MeltdownRitual

Meltdown

reshaping inherited items

In this work, I had inherited some ‘family silver’.  I chose to rework it into new heirlooms, embedding them with guidance and support to pass on to my young daughter.

meltdown

new heirloom

Supported by a CuratorSpace bursary, the work emerged from my involvement with the Silver Spoons Collective, a group of over 30 women making work about the ‘burning times’ when thousands were persecuted as witches.
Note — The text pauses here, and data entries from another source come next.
(* Let $\mu$ be a differentiable growth rate and $\gamma\in\mathbb R$. If the system $x'=(A(t)-\gamma\frac{\mu'(t)}{\mu(t)}I)x$ admits a nonuniform $\mu$-dichotomy with invariant projections $P(t)$, then $\mathcal U_\gamma=\{(s,\xi):\xi\in\operatorname{Im}P(s)\}$, $\mathcal V_\gamma=\{(s,\xi):\xi\in\operatorname{Ker}P(s)\}$, and $\mathcal U_\gamma\oplus\mathcal V_\gamma=\mathbb R\times\mathbb R^n$.
   Context: Fix $n\ge1$ and a norm on $\mathbb R^n$ with induced operator norm. Let $A:\mathbb R\to M_n(\mathbb R)$ be continuous with evolution operator $\Phi(t,s)$. $\operatorname{sign}(s)\in\{-1,0,1\}$ is the sign of $s$. A growth rate is a strictly increasing $\mu:\mathbb R\to(0,\infty)$, $\mu(0)=1$, $\mu\to+\infty$ at $+\infty$, $\mu\to0$ at $-\infty$; differentiable growth rate if differentiable. A linear system $x'=C(t)x$ with evolution operator $\Psi$ admits a nonuniform $\mu$-dichotomy with invariant projections $P(t)$ if $P(t)$ are projections with $P(t)\Psi(t,s)=\Psi(t,s)P(s)$ for all $t,s$ and there are constants $K\ge1$, $\alpha<0$, $\beta>0$, $\theta,\nu\ge0$, $\alpha+\theta<0$, $\beta-\nu>0$ with ($Q=I-P$) $\|\Psi(t,s)P(s)\|\le K(\mu(t)/\mu(s))^{\alpha}\mu(s)^{\operatorname{sign}(s)\theta}$ for $t\ge s$ and $\|\Psi(t,s)Q(s)\|\le K(\mu(t)/\mu(s))^{\beta}\mu(s)^{\operatorname{sign}(s)\nu}$ for $t\le s$. $\mathcal U_\gamma=\{(s,\xi):\sup_{t\ge0}\|\Phi(t,s)\xi\|\mu(t)^{-\gamma}<\infty\}$ and $\mathcal V_\gamma=\{(s,\xi):\sup_{t\le0}\|\Phi(t,s)\xi\|\mu(t)^{-\gamma}<\infty\}$ ($\Phi$ is the evolution operator of $x'=A(t)x$). The sum $\mathcal U\oplus\mathcal V$ of subsets of $\mathbb R\times\mathbb R^n$ is taken fiberwise: $\{(s,\xi):\xi\in\mathcal U(s)+\mathcal V(s)\}$ with $\mathcal U(s)\cap\mathcal V(s)=\{0\}$, where $\mathcal U(s)=\{\xi:(s,\xi)\in\mathcal U\}$. *)

theory Defs
  imports "HOL-Analysis.Analysis"
begin

definition is_norm :: "(real^'n \<Rightarrow> real) \<Rightarrow> bool" where
  "is_norm N \<longleftrightarrow> (\<forall>x. 0 \<le> N x) \<and> (\<forall>x. N x = 0 \<longleftrightarrow> x = 0)
     \<and> (\<forall>c x. N (c *\<^sub>R x) = \<bar>c\<bar> * N x) \<and> (\<forall>x y. N (x + y) \<le> N x + N y)"

definition op_norm :: "(real^'n \<Rightarrow> real) \<Rightarrow> real^'n^'n \<Rightarrow> real" where
  "op_norm N M = (SUP x\<in>{x. N x = 1}. N (M *v x))"

definition growth_rate :: "(real \<Rightarrow> real) \<Rightarrow> bool" where
  "growth_rate \<mu> \<longleftrightarrow> strict_mono \<mu> \<and> (\<forall>t. 0 < \<mu> t) \<and> \<mu> 0 = 1
     \<and> filterlim \<mu> at_top at_top \<and> (\<mu> \<longlongrightarrow> 0) at_bot"

definition diff_growth_rate :: "(real \<Rightarrow> real) \<Rightarrow> bool" where
  "diff_growth_rate \<mu> \<longleftrightarrow> growth_rate \<mu> \<and> (\<forall>t. \<mu> differentiable (at t))"

definition evolution_operator :: "(real \<Rightarrow> real^'n^'n) \<Rightarrow> (real \<Rightarrow> real \<Rightarrow> real^'n^'n) \<Rightarrow> bool" where
  "evolution_operator A \<Phi> \<longleftrightarrow> (\<forall>s. \<Phi> s s = mat 1)
     \<and> (\<forall>t s. ((\<lambda>\<tau>. \<Phi> \<tau> s) has_vector_derivative (A t ** \<Phi> t s)) (at t))"

definition mu_dichotomy :: "(real^'n \<Rightarrow> real) \<Rightarrow> (real \<Rightarrow> real) \<Rightarrow> (real \<Rightarrow> real \<Rightarrow> real^'n^'n)
    \<Rightarrow> (real \<Rightarrow> real^'n^'n) \<Rightarrow> bool" where
  "mu_dichotomy N \<mu> \<Psi> P \<longleftrightarrow>
     (\<forall>t. P t ** P t = P t) \<and> (\<forall>t s. P t ** \<Psi> t s = \<Psi> t s ** P s) \<and>
     (\<exists>K \<alpha> \<beta> \<theta> \<nu>. K \<ge> 1 \<and> \<alpha> < 0 \<and> \<beta> > 0 \<and> \<theta> \<ge> 0 \<and> \<nu> \<ge> 0 \<and> \<alpha> + \<theta> < 0 \<and> \<beta> - \<nu> > 0 \<and>
        (\<forall>t s. t \<ge> s \<longrightarrow> op_norm N (\<Psi> t s ** P s)
            \<le> K * (\<mu> t / \<mu> s) powr \<alpha> * \<mu> s powr (sgn s * \<theta>)) \<and>
        (\<forall>t s. t \<le> s \<longrightarrow> op_norm N (\<Psi> t s ** (mat 1 - P s))
            \<le> K * (\<mu> t / \<mu> s) powr \<beta> * \<mu> s powr (sgn s * \<nu>)))"

definition U_set :: "(real^'n \<Rightarrow> real) \<Rightarrow> (real \<Rightarrow> real) \<Rightarrow> (real \<Rightarrow> real \<Rightarrow> real^'n^'n) \<Rightarrow> real
    \<Rightarrow> (real \<times> (real^'n)) set" where
  "U_set N \<mu> \<Phi> \<gamma> = {(s, \<xi>). \<exists>C. \<forall>t\<ge>0. N (\<Phi> t s *v \<xi>) * \<mu> t powr (-\<gamma>) \<le> C}"

definition V_set :: "(real^'n \<Rightarrow> real) \<Rightarrow> (real \<Rightarrow> real) \<Rightarrow> (real \<Rightarrow> real \<Rightarrow> real^'n^'n) \<Rightarrow> real
    \<Rightarrow> (real \<times> (real^'n)) set" where
  "V_set N \<mu> \<Phi> \<gamma> = {(s, \<xi>). \<exists>C. \<forall>t\<le>0. N (\<Phi> t s *v \<xi>) * \<mu> t powr (-\<gamma>) \<le> C}"

definition fiber :: "(real \<times> 'a) set \<Rightarrow> real \<Rightarrow> 'a set" where
  "fiber U s = {\<xi>. (s, \<xi>) \<in> U}"

definition fib_dsum :: "(real \<times> 'a::ab_group_add) set \<Rightarrow> (real \<times> 'a) set \<Rightarrow> (real \<times> 'a) set" where
  "fib_dsum U V = {(s, \<xi>). \<xi> \<in> {u + v | u v. u \<in> fiber U s \<and> v \<in> fiber V s}
                          \<and> fiber U s \<inter> fiber V s = {0}}"

end

theory Submission
  imports Defs
begin

text \<open>The rescaled system has evolution operator \<open>\<Psi>(t,s) = (\<mu>(s)/\<mu>(t))\<^sup>\<gamma> \<Phi>(t,s)\<close>, so
  \<open>(s,\<xi>) \<in> \<U>\<^sub>\<gamma>\<close> (resp. \<open>\<V>\<^sub>\<gamma>\<close>) means that the \<open>\<Psi>\<close>-orbit of \<open>\<xi>\<close> is bounded on \<open>[0,\<infinity>)\<close>
  (resp. \<open>(-\<infinity>,0]\<close>). Orbits starting in \<open>Im P(s)\<close> are bounded forward by the stable estimate,
  applied from time \<open>0\<close>. Conversely, if the orbit of \<open>\<xi>\<close> is bounded forward by \<open>C\<close>, then so is
  that of its unstable part \<open>\<eta> = (I - P(s))\<xi>\<close>, and pulling \<open>\<eta>\<close> back from time \<open>t\<close> with the
  unstable estimate gives \<open>N \<eta> \<le> K C \<mu>(s) powr \<beta> * \<mu>(t) powr (\<nu> - \<beta>) \<rightarrow> 0\<close>. The backward half is symmetric, and
  \<open>Im P(s) \<oplus> Ker P(s)\<close> is the whole space because \<open>P(s)\<close> is a projection.\<close>

lemma is_norm_nonneg: "is_norm N \<Longrightarrow> 0 \<le> N x"
  and is_norm_eq_0_iff: "is_norm N \<Longrightarrow> N x = 0 \<longleftrightarrow> x = 0"
  and is_norm_scaleR: "is_norm N \<Longrightarrow> N (c *\<^sub>R x) = \<bar>c\<bar> * N x"
  and is_norm_triangle: "is_norm N \<Longrightarrow> N (x + y) \<le> N x + N y"
  by (simp_all add: is_norm_def)

lemma is_norm_zero: "is_norm N \<Longrightarrow> N 0 = 0"
  by (simp add: is_norm_eq_0_iff)

lemma is_norm_minus_commute: "is_norm N \<Longrightarrow> N (x - y) = N (y - x)"
  using is_norm_scaleR[of N "-1" "y - x"] by simp

lemma is_norm_diff_le: "is_norm N \<Longrightarrow> N (x - y) \<le> N x + N y"
  using is_norm_triangle[of N x "-y"] is_norm_scaleR[of N "-1" y] by simp

lemma is_norm_sum_le:
  assumes "is_norm N" and "finite S"
  shows "N (\<Sum>i\<in>S. f i) \<le> (\<Sum>i\<in>S. N (f i))"
  using \<open>finite S\<close>
proof (induction S rule: finite_induct)
  case empty
  then show ?case by (simp add: is_norm_zero[OF assms(1)])
next
  case (insert a S)
  then show ?case using is_norm_triangle[OF assms(1), of "f a" "sum f S"] by simp
qed

lemma is_norm_le_norm:
  fixes N :: "real^'n \<Rightarrow> real"
  assumes N: "is_norm N"
  shows "\<exists>C>0. \<forall>x. N x \<le> C * norm x"
proof -
  define C where "C = 1 + (\<Sum>b\<in>Basis. N (b::real^'n))"
  have "C > 0"
    unfolding C_def using is_norm_nonneg[OF N] by (simp add: add_pos_nonneg sum_nonneg)
  moreover have "N x \<le> C * norm x" for x
  proof -
    have "N x = N (\<Sum>b\<in>Basis. (x \<bullet> b) *\<^sub>R b)" by (simp add: euclidean_representation)
    also have "\<dots> \<le> (\<Sum>b\<in>Basis. N ((x \<bullet> b) *\<^sub>R b))" by (rule is_norm_sum_le[OF N]) simp
    also have "\<dots> = (\<Sum>b\<in>Basis. \<bar>x \<bullet> b\<bar> * N b)" by (simp add: is_norm_scaleR[OF N])
    also have "\<dots> \<le> (\<Sum>b\<in>Basis. norm x * N b)"
      by (rule sum_mono) (simp add: Basis_le_norm is_norm_nonneg[OF N] mult_right_mono)
    also have "\<dots> \<le> C * norm x"
      unfolding C_def by (simp add: sum_distrib_left[symmetric] distrib_right)
    finally show ?thesis .
  qed
  ultimately show ?thesis by blast
qed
The work was displayed as part of the Silver Spoons exhibition, held in Lancaster in January 2022.

TRANSFORMING INHERITED OBJECTS

The silver heirlooms represent for me something about inheritance – beyond just the objects themselves, but the extractive, colonial culture represented by the idea of passing down expensive metals mined from who-knows-where. On one of the items, a silver Rowing Cup, is inscribed the name of Huggins, which is also the name of one of my ancestors who became Governor of Rhodesia – now Zimbabwe.

CO-CREATING CULTURAL SHIFTS

These silver objects represent not only my history but that of the UK and its relationship with the world, particularly over the last 150 years. By melting and reforging these objects, I want to embody what I have learnt about solidarity, collectivism and ancestral healing into a set of heirlooms that I can share with the next generation, inviting new cultural modes of being and relating as a signal of moving into globalised equity and belonging.

The new heirloom objects include items representing honesty, trust, collective practice, equity and justice. They are stored in a velvet lined case and will become my daughter’s possession upon my death. My imaginary for the future is that they are passed on for 7 further generations by inheritance or gift.